Create your `X` and `y` arrays. Make sure that:

- You scale the $x$ features **using scale normalization**
- You do **not** include a bias column in `X`

Defining the feature list:

    x_feat_list = ['ENGINESIZE', 'CYLINDERS', 'FUELCONSUMPTION_COMB_MPG']

may help. Your `X` should pass the assert statement in the cell before Part 4.1.2. **Note** if you use a different type of normalization besides scale normalization (i.e. other than simply dividing all features by their corresponding standard deviations) the assert will not pass.

In [25]:
# check if 
assert np.isclose(X[0], np.array([1.41531251, 2.19568706, 4.77566865])).all()

#### Part 4.1.2

Using single-fold cross validation with a 70-30 split, create `Xtrain`, `Xtest`, `ytrain`, and `ytest`.

Fit the model using **your own** `line_of_best_fit` function to `Xtrain` and `ytrain`.

Then pass `Xtest`, `ytest`, and the output from the `line_of_best_fit` to your `linreg_predict` function, saving that as something. 

Print out the cross-validated $MSE$ and $R^2$ values.
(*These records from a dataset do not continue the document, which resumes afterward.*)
(* Let $p$ be an odd prime, $c\in\mathbb Z_p$ with $c(c^2+1)\not\equiv0\pmod p$. Then $$\Big(\sum_{k=0}^{[p/4]}\binom{4k}{2k}\Big(\frac{c^2}{16(c^2+1)}\Big)^k\Big)\Big(\sum_{k=0}^{[p/4]}\binom{4k}{2k}\frac1{(16(c^2+1))^k}\Big)\equiv\Big(\frac{2(c^2+1)}{p}\Big)\pmod p.$$
   Context: $[x]$ is the greatest integer $\le x$; $\mathbb Z_p$ is the set of rational numbers whose denominator is not divisible by $p$; $(\frac{\cdot}{p})$ is the Legendre symbol. *)

theory Defs
  imports "HOL-Number_Theory.Quadratic_Reciprocity"
begin

definition Zp :: "nat \<Rightarrow> rat set" where
  "Zp p = {x. \<not> int p dvd snd (quotient_of x)}"

definition cong_Zp :: "nat \<Rightarrow> rat \<Rightarrow> rat \<Rightarrow> bool" where
  "cong_Zp p x y \<longleftrightarrow> (x - y) / of_nat p \<in> Zp p"

text \<open>Legendre symbol of an element a/b of Z_p (b coprime to p): the Legendre
  symbol of a * b^{-1} mod p, which equals Legendre(a*b) since (b/p)^2 = 1.\<close>
definition Legendre_rat :: "rat \<Rightarrow> nat \<Rightarrow> int" where
  "Legendre_rat x p = Legendre (fst (quotient_of x) * snd (quotient_of x)) (int p)"

end

theory Submission
  imports Defs "HOL-Number_Theory.Number_Theory"
begin

(*
  Write p = 2n + 1, choose an integer C congruent to c and put D = C^2 + 1, which is not a
  square.  In Z[sqrt D] the Frobenius congruence (sqrt D + m)^p == D^n sqrt D + m (mod p) gives
    (m^2 - D) ((sqrt D + m)^(2n) + (sqrt D - m)^(2n)) == 2 (m^2 - D^(n+1))  (mod p)
  for every integer m.  For m = C + 1 and m = C - 1 the squares factor as
  (sqrt D +- m)^2 = 2 (sqrt D +- C) (sqrt D +- 1), so adding the two instances yields
  2^n D^(n mod 2) P(C) P(1) == 1 (mod p), where (sqrt D + c)^n + (sqrt D - c)^n = 2 sqrt D^(n mod 2) P(c);
  as sqrt D is irrational, this is a congruence between integers.  Since
  binom(2j, j) == (-4)^j binom(n, j) (mod p), the polynomial P(c) is congruent to D^(n div 2) times the
  truncated sum of binom(4k, 2k) (c^2 / (16 D))^k.  Hence the product of the two sums is
  (2D)^(-n) == (2D)^n (mod p), the Legendre symbol by Euler's criterion.
*)

lemma fermat_theorem_int:
  assumes "prime p" "coprime a (int p)"
  shows "[a ^ (p - 1) = 1] (mod int p)"
proof -
  have "residues (int p)"
    using prime_gt_1_nat[OF assms(1)] by (simp add: residues_def)
  from residues.euler_theorem[OF this assms(2)] show ?thesis
    using totient_prime[OF assms(1)] by simp
qed

lemma power_prime_cong_self_int:
  assumes "prime p"
  shows "[a ^ p = a] (mod int p)"
proof (cases "coprime a (int p)")
  case True
  have "[a ^ (p - 1) * a = 1 * a] (mod int p)"
    using fermat_theorem_int[OF assms True] by (rule cong_scalar_right)
  then show ?thesis
    using prime_gt_0_nat[OF assms] by (simp add: power_eq_if mult.commute)
next
  case False
  then have "int p dvd a"
    using assms prime_imp_coprime[of "int p" a] by (auto simp: coprime_commute)
  then show ?thesis
    using prime_gt_0_nat[OF assms] by (simp add: cong_iff_dvd_diff dvd_diff dvd_trans[of _ a])
qed

lemma cong_inverse_half_power:
  assumes "prime p" "p = 2 * n + 1" "coprime x (int p)" "[x ^ n * y = 1] (mod int p)"
  shows "[y = x ^ n] (mod int p)"
proof -
  have "p - 1 = n + n"
    using assms(2) by simp
  have "[y = x ^ (p - 1) * y] (mod int p)"
    using cong_sym[OF cong_scalar_right[OF fermat_theorem_int[OF assms(1,3)], of y]] by simp
  also have "x ^ (p - 1) * y = x ^ n * (x ^ n * y)"
    by (simp only: \<open>p - 1 = n + n\<close> power_add mult.assoc)
  also have "[x ^ n * (x ^ n * y) = x ^ n * 1] (mod int p)"
    using assms(4) by (rule cong_scalar_left)
  finally show ?thesis
    by simp
qed

section \<open>Central binomial coefficients modulo p\<close>

lemma central_binomial_Suc:
  "Suc j * ((2 * Suc j) choose Suc j) = 2 * (2 * j + 1) * ((2 * j) choose j)"
proof -
  have "Suc j * ((2 * Suc j) choose Suc j) = (2 * j + 2) * ((2 * j + 1) choose j)"
    using Suc_times_binomial[of j "2 * j + 1"] by simp
  moreover have "Suc j * ((2 * j + 1) choose j) = (2 * j + 1) * ((2 * j) choose j)"
    using Suc_times_binomial_eq[of "2 * j" j] binomial_symmetric[of "Suc j" "2 * j + 1"] by simp
  ultimately show ?thesis
    by (simp add: algebra_simps)
qed

lemma binomial_Suc_absorb: "Suc j * (n choose Suc j) = (n - j) * (n choose j)"
  by (metis binomial_absorption binomial_absorb_comp)

lemma central_binomial_cong:
  assumes "prime p" "p = 2 * n + 1" "j \<le> n"
  shows "[int ((2 * j) choose j) = (-4) ^ j * int (n choose j)] (mod int p)"
  using assms(3)
proof (induction j)
  case 0
  then show ?case by simp
next
  case (Suc j)
  have "int (2 * (2 * j + 1)) - (-4 * int (n - j)) = int p * 2"
    using Suc.prems assms(2) by (simp add: of_nat_diff)
  then have "[int (2 * (2 * j + 1)) = -4 * int (n - j)] (mod int p)"
    by (simp add: cong_iff_dvd_diff)
  moreover have "[int ((2 * j) choose j) = (-4) ^ j * int (n choose j)] (mod int p)"
    using Suc by simp
  ultimately have step: "[int (2 * (2 * j + 1)) * int ((2 * j) choose j)
      = (-4 * int (n - j)) * ((-4) ^ j * int (n choose j))] (mod int p)"
    by (rule cong_mult)
  have lhs: "int (Suc j) * int ((2 * Suc j) choose Suc j) = int (2 * (2 * j + 1)) * int ((2 * j) choose j)"
    by (simp only: of_nat_mult[symmetric] central_binomial_Suc)
  have "int (Suc j) * int (n choose Suc j) = int (n - j) * int (n choose j)"
    by (simp only: of_nat_mult[symmetric] binomial_Suc_absorb)
  then have rhs: "int (Suc j) * ((-4) ^ Suc j * int (n choose Suc j))
      = (-4 * int (n - j)) * ((-4) ^ j * int (n choose j))"
    by (simp add: mult_ac)
  have cong: "[int (Suc j) * int ((2 * Suc j) choose Suc j)
      = int (Suc j) * ((-4) ^ Suc j * int (n choose Suc j))] (mod int p)"
    unfolding lhs rhs by (rule step)
  have "\<not> p dvd Suc j"
    using Suc.prems assms(2) by (auto dest: dvd_imp_le)
  then have "coprime (Suc j) p"
    using prime_imp_coprime[OF assms(1)] coprime_commute by blast
  then have "coprime (int (Suc j)) (int p)"
    by (simp only: coprime_int_iff)
  then show ?case
    using cong cong_mult_lcancel by blast
qed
You do not have to comment on their values yet; but you will in Part 4.3 as part of comparing this model with the one from Part 4.2.

#### Part 4.1.3

Now fit the full model using your `line_of_best_fit` function, and generate the residuals using your `linreg_predict` function. Create 5 residual plots in order to check that the assumptions of independence, constant variance, and normality are met for the model you built:

- A plot of the index vs. the residuals
- A plot of `ENGINESIZE` vs. the residuals
- A plot of `CYLINDERS` vs. the residuals
- A plot of `FUELCONSUMPTION_COMB_MPG` vs. the residuals
- A normal probability quantile-quantile plot of the residuals

You do not have to comment on these plots yet; but you will in Part 4.3 as part of comparing this model with the one from Part 4.2.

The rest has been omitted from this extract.